В результате — скачки с препятствиями! Человек, молниеносно развернувшись, со всех ног бросается назад, туда, откуда он шел, то есть в нижнюю часть поселка. Он бежит с той легкостью, какая выдает молодые крепкие мышцы, и ему нечего бояться ни отца, которому мешает тяжелое ружье, ни меня с моими хилыми икрами. Мы с трудом бежим за ним, и расстояние между нами все увеличивается. Тут папа пронзительно свистит, как бы подавая сигнал находящемуся где-то вдалеке сообщнику, с тем чтобы он заступил беглецу путь. Тот начинает петлять, с потрясающей ловкостью одним махом перепрыгивает через выстроившиеся в ряд тычины и исчезает по ту сторону под оглушительный треск битого стекла. Верно, он с разгона упал прямо на кучу осколков. Поранившись, — а он вскрикнул, — он медленно пробирается через битое
— Папа, папа, ты видел? По-моему, это Ашроль.

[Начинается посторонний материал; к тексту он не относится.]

lemma Rcircuit_dependency:
  assumes "Rcircuit d V Z"
  shows "\<exists>c. (\<forall>u\<in>V. \<forall>i<d. (\<Sum>e\<in>Z. c e * rig_row (gen_p d V) e u i) = 0) \<and> (\<forall>e\<in>Z. c e \<noteq> 0)"
proof -
  let ?p = "gen_p d V"
  have finZ: "finite Z" and dep: "\<not> rows_indep d V ?p Z" and minimal: "\<And>S. S \<subset> Z \<Longrightarrow> Rindep d V S"
    using assms by (auto simp: Rcircuit_def Rindep_def)
  obtain c where c: "\<forall>u\<in>V. \<forall>i<d. (\<Sum>e\<in>Z. c e * rig_row ?p e u i) = 0" and "\<exists>e\<in>Z. c e \<noteq> 0"
    using dep unfolding rows_indep_def by auto
  define Z' where "Z' = {e\<in>Z. c e \<noteq> 0}"
  have "(\<Sum>e\<in>Z'. c e * rig_row ?p e u i) = (\<Sum>e\<in>Z. c e * rig_row ?p e u i)" for u i
    unfolding Z'_def using finZ by (intro sum.mono_neutral_left) auto
  then have "\<not> rows_indep d V ?p Z'"
    using rows_indepD[of d V ?p Z' c] c \<open>\<exists>e\<in>Z. c e \<noteq> 0\<close> by (auto simp: Z'_def)
  then have "\<not> Z' \<subset> Z" using minimal by (auto simp: Rindep_def)
  then have "c e \<noteq> 0" if "e \<in> Z" for e using that by (auto simp: Z'_def)
  then show ?thesis using c by blast
qed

— Да, это Клод, — подтверждает отец без малейшего волнения. — Теперь мы знаем, кто это был, так что пусть себе бежит, куда хочет. В любом случае дальше своего дома он не уйдет.
— Вот теперь и вылезет на свет божий та история с паяльной лампой!
— Возможно, но не наверняка.
Тяжело переставляя ноги, папа неспешно продолжает путь. Теперь я нервничаю, волнуюсь и не понимаю папиной сдержанности и спокойствия.
— Ну, а зачем же, если ему нечего скрывать, он тогда побежад?
— А может, он просто не хочет, чтобы знали, из какой постели он вылез, юбочник проклятый!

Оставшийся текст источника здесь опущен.